Records from a data source
┌────────

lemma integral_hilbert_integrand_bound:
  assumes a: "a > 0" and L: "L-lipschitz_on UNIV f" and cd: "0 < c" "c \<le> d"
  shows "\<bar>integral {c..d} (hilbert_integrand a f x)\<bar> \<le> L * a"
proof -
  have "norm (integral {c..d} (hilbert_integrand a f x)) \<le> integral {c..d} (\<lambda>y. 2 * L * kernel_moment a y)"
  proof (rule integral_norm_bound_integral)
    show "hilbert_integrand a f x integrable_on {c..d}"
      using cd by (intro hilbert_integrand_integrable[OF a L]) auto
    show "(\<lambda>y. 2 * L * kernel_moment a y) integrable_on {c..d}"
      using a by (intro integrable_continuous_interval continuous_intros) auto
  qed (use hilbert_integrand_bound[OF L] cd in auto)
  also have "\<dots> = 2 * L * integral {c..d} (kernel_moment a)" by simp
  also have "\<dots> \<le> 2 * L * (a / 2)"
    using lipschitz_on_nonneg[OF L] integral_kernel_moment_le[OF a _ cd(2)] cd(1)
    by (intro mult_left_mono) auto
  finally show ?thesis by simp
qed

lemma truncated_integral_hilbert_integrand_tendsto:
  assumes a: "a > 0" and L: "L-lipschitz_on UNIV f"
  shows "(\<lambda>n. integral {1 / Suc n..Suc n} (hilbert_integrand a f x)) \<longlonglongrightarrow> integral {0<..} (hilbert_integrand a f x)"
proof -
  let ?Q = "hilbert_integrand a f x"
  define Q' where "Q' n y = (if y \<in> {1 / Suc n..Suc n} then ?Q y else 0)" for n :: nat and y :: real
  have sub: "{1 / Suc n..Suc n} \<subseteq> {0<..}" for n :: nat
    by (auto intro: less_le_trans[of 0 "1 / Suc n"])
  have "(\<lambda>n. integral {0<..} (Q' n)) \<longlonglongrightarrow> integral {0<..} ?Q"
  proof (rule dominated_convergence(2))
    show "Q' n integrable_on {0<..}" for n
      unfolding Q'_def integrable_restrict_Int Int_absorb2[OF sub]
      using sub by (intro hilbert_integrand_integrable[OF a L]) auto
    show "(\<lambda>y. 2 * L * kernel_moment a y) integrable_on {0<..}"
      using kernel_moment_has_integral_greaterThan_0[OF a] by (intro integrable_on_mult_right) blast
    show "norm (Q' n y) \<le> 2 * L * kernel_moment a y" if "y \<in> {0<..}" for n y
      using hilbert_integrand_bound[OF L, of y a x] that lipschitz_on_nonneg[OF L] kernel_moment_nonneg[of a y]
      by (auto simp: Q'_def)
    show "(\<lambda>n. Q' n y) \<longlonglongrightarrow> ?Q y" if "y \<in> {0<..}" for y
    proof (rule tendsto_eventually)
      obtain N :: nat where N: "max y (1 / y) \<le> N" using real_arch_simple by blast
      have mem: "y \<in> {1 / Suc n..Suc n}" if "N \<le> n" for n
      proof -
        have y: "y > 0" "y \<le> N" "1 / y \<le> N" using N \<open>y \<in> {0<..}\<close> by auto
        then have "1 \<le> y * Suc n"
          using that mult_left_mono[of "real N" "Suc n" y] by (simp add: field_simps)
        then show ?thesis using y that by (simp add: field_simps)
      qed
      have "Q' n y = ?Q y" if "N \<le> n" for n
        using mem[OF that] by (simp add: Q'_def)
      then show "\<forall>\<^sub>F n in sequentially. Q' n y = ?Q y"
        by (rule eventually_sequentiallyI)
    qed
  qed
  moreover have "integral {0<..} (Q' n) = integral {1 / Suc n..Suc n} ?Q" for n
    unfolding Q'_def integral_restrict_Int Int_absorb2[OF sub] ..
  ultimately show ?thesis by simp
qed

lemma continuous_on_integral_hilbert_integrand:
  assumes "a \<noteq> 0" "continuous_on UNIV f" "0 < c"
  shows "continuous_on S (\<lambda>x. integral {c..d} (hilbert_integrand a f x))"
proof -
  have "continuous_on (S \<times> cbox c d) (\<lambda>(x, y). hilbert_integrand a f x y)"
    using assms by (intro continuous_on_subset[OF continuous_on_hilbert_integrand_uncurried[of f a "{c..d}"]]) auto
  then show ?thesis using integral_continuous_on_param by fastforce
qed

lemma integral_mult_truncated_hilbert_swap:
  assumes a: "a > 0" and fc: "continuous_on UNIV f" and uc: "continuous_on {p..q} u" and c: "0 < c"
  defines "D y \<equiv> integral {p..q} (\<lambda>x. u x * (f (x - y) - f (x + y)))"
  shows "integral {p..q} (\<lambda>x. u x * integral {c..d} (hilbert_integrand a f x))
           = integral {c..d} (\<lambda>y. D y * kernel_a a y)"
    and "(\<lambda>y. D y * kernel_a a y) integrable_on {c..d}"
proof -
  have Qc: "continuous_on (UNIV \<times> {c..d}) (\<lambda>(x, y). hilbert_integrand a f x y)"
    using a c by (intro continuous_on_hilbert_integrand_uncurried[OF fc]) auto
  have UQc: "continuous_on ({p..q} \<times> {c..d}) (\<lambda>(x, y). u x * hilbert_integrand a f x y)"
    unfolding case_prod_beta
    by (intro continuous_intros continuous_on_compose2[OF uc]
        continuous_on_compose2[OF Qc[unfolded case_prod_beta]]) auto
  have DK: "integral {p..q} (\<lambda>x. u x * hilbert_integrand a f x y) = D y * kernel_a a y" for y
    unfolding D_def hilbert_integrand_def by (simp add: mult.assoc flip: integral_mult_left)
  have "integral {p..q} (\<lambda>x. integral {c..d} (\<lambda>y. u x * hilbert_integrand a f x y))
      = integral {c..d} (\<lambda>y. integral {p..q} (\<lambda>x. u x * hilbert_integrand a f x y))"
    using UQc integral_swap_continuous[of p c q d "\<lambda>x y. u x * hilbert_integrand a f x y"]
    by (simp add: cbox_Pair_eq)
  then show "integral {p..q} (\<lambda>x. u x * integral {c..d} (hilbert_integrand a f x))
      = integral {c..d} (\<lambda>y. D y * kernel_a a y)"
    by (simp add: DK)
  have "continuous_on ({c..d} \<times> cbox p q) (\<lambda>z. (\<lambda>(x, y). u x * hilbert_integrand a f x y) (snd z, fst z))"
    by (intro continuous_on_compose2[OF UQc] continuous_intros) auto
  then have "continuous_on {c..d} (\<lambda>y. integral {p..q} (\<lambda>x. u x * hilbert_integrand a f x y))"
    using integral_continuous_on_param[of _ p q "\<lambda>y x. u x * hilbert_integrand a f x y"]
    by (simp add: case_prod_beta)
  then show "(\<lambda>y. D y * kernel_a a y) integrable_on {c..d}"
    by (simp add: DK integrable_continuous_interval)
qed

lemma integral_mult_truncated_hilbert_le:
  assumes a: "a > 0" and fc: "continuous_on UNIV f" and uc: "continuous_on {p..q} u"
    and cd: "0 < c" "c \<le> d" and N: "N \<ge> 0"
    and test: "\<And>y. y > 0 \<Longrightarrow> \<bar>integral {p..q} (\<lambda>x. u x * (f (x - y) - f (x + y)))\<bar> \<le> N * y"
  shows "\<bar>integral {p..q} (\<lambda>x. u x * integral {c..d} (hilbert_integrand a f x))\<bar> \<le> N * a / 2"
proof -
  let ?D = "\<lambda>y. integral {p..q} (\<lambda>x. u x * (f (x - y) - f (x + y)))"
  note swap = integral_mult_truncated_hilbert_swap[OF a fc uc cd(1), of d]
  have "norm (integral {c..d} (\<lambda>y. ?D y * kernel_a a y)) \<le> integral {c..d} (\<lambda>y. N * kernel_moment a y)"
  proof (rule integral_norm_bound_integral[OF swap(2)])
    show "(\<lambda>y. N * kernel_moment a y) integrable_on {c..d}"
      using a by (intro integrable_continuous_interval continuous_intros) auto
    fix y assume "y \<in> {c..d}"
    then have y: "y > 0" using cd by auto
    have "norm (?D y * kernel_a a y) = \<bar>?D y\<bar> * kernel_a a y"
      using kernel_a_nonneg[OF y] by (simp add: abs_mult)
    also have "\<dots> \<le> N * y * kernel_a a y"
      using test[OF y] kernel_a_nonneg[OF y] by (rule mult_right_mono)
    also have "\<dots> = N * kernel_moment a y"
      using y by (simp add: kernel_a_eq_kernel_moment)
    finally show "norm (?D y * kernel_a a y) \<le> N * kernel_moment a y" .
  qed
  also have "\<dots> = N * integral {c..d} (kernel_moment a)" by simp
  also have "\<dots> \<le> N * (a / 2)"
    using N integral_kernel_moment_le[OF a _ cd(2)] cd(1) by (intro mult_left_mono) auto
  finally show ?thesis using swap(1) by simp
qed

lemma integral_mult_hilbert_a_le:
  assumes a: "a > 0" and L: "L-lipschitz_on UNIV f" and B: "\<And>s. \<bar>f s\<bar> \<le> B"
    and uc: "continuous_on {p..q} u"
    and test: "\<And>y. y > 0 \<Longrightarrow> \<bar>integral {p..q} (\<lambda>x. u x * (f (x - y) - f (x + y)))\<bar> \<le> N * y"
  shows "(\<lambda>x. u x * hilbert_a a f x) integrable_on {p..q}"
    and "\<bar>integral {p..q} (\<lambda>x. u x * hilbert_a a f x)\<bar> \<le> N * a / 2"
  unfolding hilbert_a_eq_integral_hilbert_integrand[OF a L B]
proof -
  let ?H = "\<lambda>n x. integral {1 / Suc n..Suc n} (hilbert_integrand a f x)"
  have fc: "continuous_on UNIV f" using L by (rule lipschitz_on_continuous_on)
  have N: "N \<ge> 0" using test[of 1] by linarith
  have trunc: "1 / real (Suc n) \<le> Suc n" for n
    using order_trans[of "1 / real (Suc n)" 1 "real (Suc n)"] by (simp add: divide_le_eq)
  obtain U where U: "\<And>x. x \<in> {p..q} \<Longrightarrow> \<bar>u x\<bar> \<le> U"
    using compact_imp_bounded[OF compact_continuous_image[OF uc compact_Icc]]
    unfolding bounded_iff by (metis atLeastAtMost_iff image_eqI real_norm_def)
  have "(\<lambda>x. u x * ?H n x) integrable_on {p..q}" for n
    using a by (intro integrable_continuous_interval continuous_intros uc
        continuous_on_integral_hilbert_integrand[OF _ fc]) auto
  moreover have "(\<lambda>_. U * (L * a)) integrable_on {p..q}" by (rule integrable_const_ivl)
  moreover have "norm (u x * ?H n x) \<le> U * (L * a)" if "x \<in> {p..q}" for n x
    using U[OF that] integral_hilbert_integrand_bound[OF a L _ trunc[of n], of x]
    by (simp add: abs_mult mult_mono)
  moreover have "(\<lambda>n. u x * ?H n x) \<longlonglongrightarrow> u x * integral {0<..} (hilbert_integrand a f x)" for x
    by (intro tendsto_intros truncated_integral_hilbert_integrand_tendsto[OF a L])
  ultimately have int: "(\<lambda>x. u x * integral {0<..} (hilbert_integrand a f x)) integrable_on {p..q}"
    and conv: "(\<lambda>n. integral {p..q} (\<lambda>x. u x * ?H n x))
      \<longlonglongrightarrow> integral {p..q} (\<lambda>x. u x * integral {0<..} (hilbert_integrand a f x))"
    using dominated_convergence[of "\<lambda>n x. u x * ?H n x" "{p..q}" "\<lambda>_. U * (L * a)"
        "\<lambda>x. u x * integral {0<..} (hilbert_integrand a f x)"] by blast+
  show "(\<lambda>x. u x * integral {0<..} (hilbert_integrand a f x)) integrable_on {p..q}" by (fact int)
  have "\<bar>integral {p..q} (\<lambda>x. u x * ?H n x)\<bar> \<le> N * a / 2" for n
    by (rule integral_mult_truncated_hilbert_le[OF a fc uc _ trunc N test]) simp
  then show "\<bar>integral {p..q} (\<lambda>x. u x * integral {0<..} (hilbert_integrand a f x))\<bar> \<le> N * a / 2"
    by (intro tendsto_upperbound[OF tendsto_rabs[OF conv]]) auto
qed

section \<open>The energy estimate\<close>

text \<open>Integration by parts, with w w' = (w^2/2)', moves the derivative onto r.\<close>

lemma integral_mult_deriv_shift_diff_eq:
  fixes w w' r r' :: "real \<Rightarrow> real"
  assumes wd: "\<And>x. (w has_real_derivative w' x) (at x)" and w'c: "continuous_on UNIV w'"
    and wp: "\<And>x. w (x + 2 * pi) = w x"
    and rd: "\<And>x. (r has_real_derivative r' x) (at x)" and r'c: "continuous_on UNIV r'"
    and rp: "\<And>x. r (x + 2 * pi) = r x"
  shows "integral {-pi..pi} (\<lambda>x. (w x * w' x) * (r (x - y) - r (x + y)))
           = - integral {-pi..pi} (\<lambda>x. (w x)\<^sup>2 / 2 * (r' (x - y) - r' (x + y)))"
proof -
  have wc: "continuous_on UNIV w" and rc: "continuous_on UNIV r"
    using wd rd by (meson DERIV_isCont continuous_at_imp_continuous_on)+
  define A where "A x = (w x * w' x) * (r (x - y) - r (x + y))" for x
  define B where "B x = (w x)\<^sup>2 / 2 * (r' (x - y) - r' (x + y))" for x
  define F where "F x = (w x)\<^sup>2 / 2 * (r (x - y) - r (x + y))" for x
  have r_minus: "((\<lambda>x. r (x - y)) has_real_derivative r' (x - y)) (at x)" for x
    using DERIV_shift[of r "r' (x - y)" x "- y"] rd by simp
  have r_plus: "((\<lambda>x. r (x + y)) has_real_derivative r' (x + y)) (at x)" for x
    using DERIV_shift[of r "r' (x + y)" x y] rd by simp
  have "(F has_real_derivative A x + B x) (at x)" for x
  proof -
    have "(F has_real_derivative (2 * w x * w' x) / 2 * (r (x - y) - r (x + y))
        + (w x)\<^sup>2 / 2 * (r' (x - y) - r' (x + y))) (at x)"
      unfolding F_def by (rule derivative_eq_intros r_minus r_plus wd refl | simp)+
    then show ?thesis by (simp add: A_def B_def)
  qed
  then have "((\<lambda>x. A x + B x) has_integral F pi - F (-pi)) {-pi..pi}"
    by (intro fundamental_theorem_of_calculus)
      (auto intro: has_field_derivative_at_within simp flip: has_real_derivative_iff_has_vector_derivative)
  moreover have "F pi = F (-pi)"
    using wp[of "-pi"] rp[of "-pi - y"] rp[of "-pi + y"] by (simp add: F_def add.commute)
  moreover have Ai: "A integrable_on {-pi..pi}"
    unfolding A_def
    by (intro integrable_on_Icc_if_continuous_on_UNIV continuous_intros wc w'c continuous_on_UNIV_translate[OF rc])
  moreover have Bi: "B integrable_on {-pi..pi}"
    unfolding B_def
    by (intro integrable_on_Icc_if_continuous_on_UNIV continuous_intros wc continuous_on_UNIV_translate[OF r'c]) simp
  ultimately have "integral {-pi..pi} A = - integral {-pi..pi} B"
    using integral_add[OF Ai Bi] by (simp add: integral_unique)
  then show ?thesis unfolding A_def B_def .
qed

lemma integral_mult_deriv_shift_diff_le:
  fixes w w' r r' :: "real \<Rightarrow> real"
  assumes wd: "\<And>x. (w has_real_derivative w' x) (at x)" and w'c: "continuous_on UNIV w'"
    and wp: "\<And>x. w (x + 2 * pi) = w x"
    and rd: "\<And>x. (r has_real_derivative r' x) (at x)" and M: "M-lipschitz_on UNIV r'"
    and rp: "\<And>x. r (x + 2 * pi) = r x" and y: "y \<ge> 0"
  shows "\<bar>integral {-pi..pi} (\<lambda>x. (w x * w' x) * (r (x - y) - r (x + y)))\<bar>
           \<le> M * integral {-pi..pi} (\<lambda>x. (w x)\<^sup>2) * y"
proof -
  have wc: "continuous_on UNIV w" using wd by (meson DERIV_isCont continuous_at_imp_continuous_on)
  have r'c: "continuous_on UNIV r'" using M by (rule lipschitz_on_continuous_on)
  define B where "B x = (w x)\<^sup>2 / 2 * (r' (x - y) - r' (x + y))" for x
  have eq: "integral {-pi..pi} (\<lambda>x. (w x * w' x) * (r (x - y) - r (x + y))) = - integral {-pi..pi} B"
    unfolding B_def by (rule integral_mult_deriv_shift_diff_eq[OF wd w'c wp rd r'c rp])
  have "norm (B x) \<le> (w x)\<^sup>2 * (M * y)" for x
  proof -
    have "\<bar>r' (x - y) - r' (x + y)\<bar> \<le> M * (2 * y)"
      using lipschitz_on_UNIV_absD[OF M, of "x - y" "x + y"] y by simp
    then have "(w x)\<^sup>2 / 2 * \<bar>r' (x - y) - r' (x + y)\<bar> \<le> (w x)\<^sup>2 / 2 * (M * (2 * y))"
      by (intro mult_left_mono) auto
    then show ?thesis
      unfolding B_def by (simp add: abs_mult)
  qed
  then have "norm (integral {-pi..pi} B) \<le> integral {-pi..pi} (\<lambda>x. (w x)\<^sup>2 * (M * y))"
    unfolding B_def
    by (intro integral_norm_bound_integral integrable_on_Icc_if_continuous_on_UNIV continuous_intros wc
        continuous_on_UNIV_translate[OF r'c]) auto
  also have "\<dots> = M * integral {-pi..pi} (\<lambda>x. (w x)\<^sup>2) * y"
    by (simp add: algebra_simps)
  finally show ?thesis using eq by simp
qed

└────────

→ **DIRECTIONS FOR THIS TASK**
Word for word, please print every line from the beginning of the records to the line bearing "proof (rule integral_norm_bound_integral)", counting both ends and stopping there.

→ **RESULT FOR THIS EXERCISE**
lemma integral_hilbert_integrand_bound:
  assumes a: "a > 0" and L: "L-lipschitz_on UNIV f" and cd: "0 < c" "c \<le> d"
  shows "\<bar>integral {c..d} (hilbert_integrand a f x)\<bar> \<le> L * a"
proof -
  have "norm (integral {c..d} (hilbert_integrand a f x)) \<le> integral {c..d} (\<lambda>y. 2 * L * kernel_moment a y)"
  proof (rule integral_norm_bound_integral)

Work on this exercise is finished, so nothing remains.